Please return the lines of the data that contain "flip".
───── PROVIDED RECORDS
text \<open>Gradient of hat L_{P_diag} w.r.t. uhat_l under the stated convention:
  grad of l(uhat_l^{*T} a, y) is l'(uhat_l^{*T} a, y) a, with l' = d l / d yhat.
  The (real-valued) prediction uhat_l^{*T} a is fed to l' via its real part.\<close>
definition grad_diag ::
  "(real \<Rightarrow> real \<Rightarrow> real) \<Rightarrow> nat \<Rightarrow> (nat \<Rightarrow> nat \<Rightarrow> real) \<Rightarrow> (nat \<Rightarrow> real)
     \<Rightarrow> nat \<Rightarrow> nat \<Rightarrow> (nat \<Rightarrow> nat \<Rightarrow> complex) \<Rightarrow> nat \<Rightarrow> nat \<Rightarrow> complex" where
  "grad_diag lossf N X Y D L uh l p =
     (\<Sum>n=1..N.
        let a = avec D L (dft D (cvec (X n))) uh l in
        complex_of_real (deriv (\<lambda>z. lossf z (Y n)) (Re (\<Sum>q<D. cnj (uh l q) * a q))) * a p)"

end

theory Submission
  imports Defs
begin

(* With the normalisations of conv and dft, the DFT turns circular correlation into a product:
   F (h star v) = F h . conj (F v). With Parseval's identity the prediction <x, P_conv(u)> becomes
   sum_p xhat[p] prod_l conj (uhat_l[p]) = uhat_l^{*T} a_l. Changing one entry u_l[d] by s changes
   uhat_l by s times a column of the DFT matrix, so the prediction is affine in u_l[d] with slope
   the d-th entry of the inverse DFT of a_l. By the chain rule the gradient in u_l is therefore the
   inverse DFT of the gradient in uhat_l, and applying the DFT to a gradient step gives the claim. *)

lemma int_dvd_diff_imp_eq:
  fixes a b D :: nat
  assumes "a < D" and "b < D" and "int D dvd int a - int b"
  shows "a = b"
  using assms by (metis mod_eq_dvd_iff zmod_int mod_less of_nat_eq_iff)

lemma sum_mod_shift:
  fixes D k :: nat
  shows "(\<Sum>d<D. g ((d + k) mod D)) = (\<Sum>d<D. g d)"
proof -
  have inj: "inj_on (\<lambda>d. (d + k) mod D) {..<D}"
  proof (rule inj_onI)
    fix x y
    assume "x \<in> {..<D}" "y \<in> {..<D}" "(x + k) mod D = (y + k) mod D"
    moreover from this have "int D dvd int (x + k) - int (y + k)"
      by (metis mod_eq_dvd_iff zmod_int)
    ultimately show "x = y"
      by (intro int_dvd_diff_imp_eq) auto
  qed
  moreover have "(\<lambda>d. (d + k) mod D) ` {..<D} = {..<D}"
    by (rule endo_inj_surj) (use inj in auto)
  ultimately show ?thesis
    using sum.reindex[OF inj, of g] by simp
qed

lemma sum_cis_int_multiple_eq_0:
  assumes "D > 0" and "\<not> int D dvd m"
  shows "(\<Sum>p<D. cis (2 * pi * real_of_int m * real p / real D)) = 0"
proof -
  define z where "z = cis (2 * pi * real_of_int m / real D)"
  have "z \<noteq> 1"
  proof
    assume "z = 1"
    then have "cos (2 * pi * real_of_int m / real D) = 1"
      by (simp add: z_def complex_eq_iff)
    then obtain k :: int where "2 * pi * real_of_int m / real D = real_of_int k * 2 * pi"
      using cos_one_2pi_int by blast
    then have "real_of_int m = real_of_int (int D * k)"
      using assms(1) by (simp add: field_simps)
    then show False
      using assms(2) by (simp only: of_int_eq_iff) simp
  qed
  moreover have "z ^ D = cis (2 * pi * real_of_int m)"
    unfolding z_def Complex.DeMoivre using assms(1) by simp
  moreover have "(\<Sum>p<D. cis (2 * pi * real_of_int m * real p / real D)) = (\<Sum>p<D. z ^ p)"
    by (simp add: z_def Complex.DeMoivre mult_ac)
  ultimately show ?thesis
    by (simp add: geometric_sum)
qed

definition dft_kernel :: "nat \<Rightarrow> nat \<Rightarrow> nat \<Rightarrow> complex" where
  "dft_kernel D p d = cis (- 2 * pi * real p * real d / real D) / complex_of_real (sqrt (real D))"

definition idft :: "nat \<Rightarrow> (nat \<Rightarrow> complex) \<Rightarrow> (nat \<Rightarrow> complex)" where
  "idft D a = (\<lambda>d. \<Sum>p<D. cnj (dft_kernel D p d) * a p)"

lemma dft_eq_kernel_sum: "dft D z p = (\<Sum>d<D. dft_kernel D p d * z d)"
  by (simp add: dft_def dft_kernel_def)

lemma dft_kernel_commute: "dft_kernel D p d = dft_kernel D d p"
  by (simp add: dft_kernel_def mult_ac)

lemma dft_kernel_mod:
  assumes "D > 0"
  shows "dft_kernel D p (n mod D) = dft_kernel D p n"
proof -
  have "real n = real (n mod D) + real D * real (n div D)"
    by (metis mod_mult_div_eq of_nat_add of_nat_mult)
  then have "cis (- 2 * pi * real p * real n / real D)
      = cis (- 2 * pi * real p * real (n mod D) / real D) * cis (2 * pi * real_of_int (- int (p * (n div D))))"
    unfolding cis_mult using assms by (intro arg_cong[where f = cis]) (simp add: field_simps)
  also have "cis (2 * pi * real_of_int (- int (p * (n div D)))) = 1"
    by (intro cis_multiple_2pi Ints_of_int)
  finally show ?thesis
    by (simp add: dft_kernel_def)
qed

lemma dft_kernel_add:
  assumes "D > 0"
  shows "dft_kernel D p (d + k) = complex_of_real (sqrt (real D)) * dft_kernel D p d * dft_kernel D p k"
proof -
  have "cis (- 2 * pi * real p * real (d + k) / real D)
      = cis (- 2 * pi * real p * real d / real D) * cis (- 2 * pi * real p * real k / real D)"
    unfolding cis_mult using assms by (intro arg_cong[where f = cis]) (simp add: field_simps)
  then show ?thesis
    using assms by (simp add: dft_kernel_def)
qed

lemma dft_kernel_mult_cnj:
  assumes "D > 0"
  shows "dft_kernel D p a * cnj (dft_kernel D p b)
       = cis (2 * pi * real_of_int (int b - int a) * real p / real D) / of_nat D"
proof -
  have "- 2 * pi * real p * real a / real D + 2 * pi * real p * real b / real D
      = 2 * pi * real_of_int (int b - int a) * real p / real D"
    using assms by (simp add: field_simps)
  moreover have "complex_of_real (sqrt (real D)) * complex_of_real (sqrt (real D)) = of_nat D"
    by (simp flip: of_real_mult)
  ultimately show ?thesis
    by (simp add: dft_kernel_def cis_cnj cis_mult)
qed

lemma dft_kernel_orthogonal:
  assumes "D > 0" and "a < D" and "b < D"
  shows "(\<Sum>p<D. dft_kernel D p a * cnj (dft_kernel D p b)) = (if a = b then 1 else 0)"
proof (cases "a = b")
  case True
  then show ?thesis
    using assms(1) by (simp add: dft_kernel_mult_cnj)
next
  case False
  then have "\<not> int D dvd int b - int a"
    using assms(2,3) int_dvd_diff_imp_eq by metis
  from sum_cis_int_multiple_eq_0[OF assms(1) this] show ?thesis
    using False
    by (simp add: dft_kernel_mult_cnj sum_divide_distrib[symmetric])
qed
(* Let $n\ge 2$ be an integer. Then $$\binom{n^3-\lfloor\frac{(n-1)^3+1}{2}\rfloor}{3n^2-3n+1}+\binom{n^3-\lfloor\frac{(n-1)^3+2}{2}\rfloor}{3n^2-3n+1}< n^{3n^2}.$$ *)

theory Defs
  imports Main
begin

end

theory Submission
  imports Defs Complex_Main
begin

text \<open>
  With \<open>k = 3n\<^sup>2 - 3n + 1\<close> we have \<open>n\<^sup>3 = (n - 1)\<^sup>3 + k\<close>, so both upper indices \<open>m\<close>
  satisfy \<open>2m \<le> n\<^sup>3 + k\<close>. The estimate \<open>m choose k \<le> (e m / k)\<^sup>k \<le> (3m / k)\<^sup>k\<close>
  together with \<open>3(n\<^sup>3 + k) \<le> 2nk\<close> (valid for \<open>n \<ge> 5\<close>) bounds each binomial
  coefficient by \<open>n\<^sup>k\<close>, and \<open>2 n\<^sup>k < n^(3n\<^sup>2)\<close> since \<open>3n\<^sup>2 - k = 3n - 1\<close>.
  The cases \<open>n = 2, 3, 4\<close> follow from \<open>m choose k \<le> 2\<^sup>m\<close>.
\<close>

lemma power_div_fact_le_exp:
  fixes x :: real
  assumes "x \<ge> 0"
  shows "x ^ n / fact n \<le> exp x"
proof -
  have exp_sums: "(\<lambda>i. x ^ i /\<^sub>R fact i) sums exp x"
    by (rule exp_converges)
  have "(\<Sum>i\<in>{n}. x ^ i /\<^sub>R fact i) \<le> (\<Sum>i. x ^ i /\<^sub>R fact i)"
    by (rule sum_le_suminf) (use exp_sums assms in \<open>auto simp: sums_iff\<close>)
  then show ?thesis
    using exp_sums by (simp add: sums_iff divide_inverse mult.commute)
qed

lemma binomial_le_exp_mult_div_power:
  assumes "k > 0"
  shows "real (m choose k) \<le> (exp 1 * real m / real k) ^ k"
proof -
  have "real (m choose k) * fact k \<le> real m ^ k"
    using binomial_fact_pow[of m k] by (metis of_nat_fact of_nat_le_iff of_nat_mult of_nat_power)
  then have "real (m choose k) \<le> real m ^ k / fact k"
    by (simp add: field_simps)
  also have "\<dots> = (real m / real k) ^ k * (real k ^ k / fact k)"
    using assms by (simp add: power_divide)
  also have "\<dots> \<le> (real m / real k) ^ k * exp (real k)"
    by (intro mult_left_mono power_div_fact_le_exp) auto
  also have "exp (real k) = exp 1 ^ k"
    by (metis exp_of_nat_mult mult.right_neutral)
  also have "(real m / real k) ^ k * exp 1 ^ k = (exp 1 * real m / real k) ^ k"
    by (simp add: power_mult_distrib power_divide)
  finally show ?thesis .
qed

lemma binomial_le_power_if_three_mult_le:
  assumes "k > 0" and "3 * m \<le> c * k"
  shows "m choose k \<le> c ^ k"
proof -
  have "exp 1 * real m / real k \<le> 3 * real m / real k"
    using exp_le by (intro divide_right_mono mult_right_mono) auto
  also have "\<dots> \<le> real c"
    using assms by (simp add: field_simps flip: of_nat_mult of_nat_le_iff[of "3 * m"])
  finally have "real (m choose k) \<le> real c ^ k"
    using binomial_le_exp_mult_div_power[OF \<open>k > 0\<close>, of m]
    by (meson order_trans power_mono divide_nonneg_nonneg mult_nonneg_nonneg exp_ge_zero of_nat_0_le_iff)
  then show ?thesis
    by (metis of_nat_le_iff of_nat_power)
qed

lemma binomial_le_power_if_twice_le_cube_add:
  fixes n m :: nat
  defines "k \<equiv> 3 * n^2 - 3 * n + 1"
  assumes "n \<ge> 5" and "2 * m \<le> n^3 + k"
  shows "m choose k \<le> n ^ k"
proof (rule binomial_le_power_if_three_mult_le)
  show "k > 0" by (simp add: k_def)
  obtain j where n: "n = j + 5"
    using \<open>n \<ge> 5\<close> by (metis add.commute le_add_diff_inverse)
  have "3 * (n^3 + k) \<le> 2 * n * k"
    unfolding k_def n by (simp add: power3_eq_cube power2_eq_square algebra_simps)
  then show "3 * m \<le> n * k"
    using \<open>2 * m \<le> n^3 + k\<close> by (simp add: mult.assoc)
qed

theorem proposition4:
  fixes n :: nat
  assumes "n \<ge> 2"
  shows "((n^3 - ((n - 1)^3 + 1) div 2) choose (3*n^2 - 3*n + 1))
       + ((n^3 - ((n - 1)^3 + 2) div 2) choose (3*n^2 - 3*n + 1)) < n ^ (3*n^2)"
proof (cases "n \<le> 4")
  case True
  then have "n = 2 \<or> n = 3 \<or> n = 4"
    using assms by auto
  then have "2 ^ (n^3 - ((n - 1)^3 + 1) div 2) + 2 ^ (n^3 - ((n - 1)^3 + 2) div 2) < n ^ (3*n^2)"
    by (elim disjE) simp_all
  then show ?thesis
    by (meson add_mono binomial_le_pow2 le_less_trans)
next
  case False
  define k where "k = 3 * n^2 - 3 * n + 1"
  have "n \<ge> 5"
    using False by simp
  then obtain j where n: "n = j + 5"
    by (metis add.commute le_add_diff_inverse)
  have cube: "n^3 = (n - 1)^3 + k"
    unfolding k_def n by (simp add: power3_eq_cube power2_eq_square algebra_simps)
  have le_n_pow_k: "(n^3 - ((n - 1)^3 + i) div 2) choose k \<le> n ^ k" if "i \<ge> 1" for i
  proof -
    have "2 * (n^3 - ((n - 1)^3 + i) div 2) \<le> n^3 + k"
      using cube that by linarith
    with \<open>n \<ge> 5\<close> show ?thesis
      unfolding k_def by (rule binomial_le_power_if_twice_le_cube_add)
  qed
  have "3 * n^2 = k + (3 * j + 14)"
    unfolding k_def n by (simp add: power2_eq_square algebra_simps)
  moreover have "2 < n ^ (3 * j + 14)"
    using n power_increasing[of 1 "3 * j + 14" n] by simp
  ultimately have "2 * n ^ k < n ^ (3 * n^2)"
    using n by (simp add: power_add)
  with le_n_pow_k[of 1] le_n_pow_k[of 2] show ?thesis
    unfolding k_def by simp
qed

end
──────────
▶ [EXERCISE RESULT]:
    by (simp flip: of_real_mult)
    using assms by (simp add: field_simps flip: of_nat_mult of_nat_le_iff[of "3 * m"])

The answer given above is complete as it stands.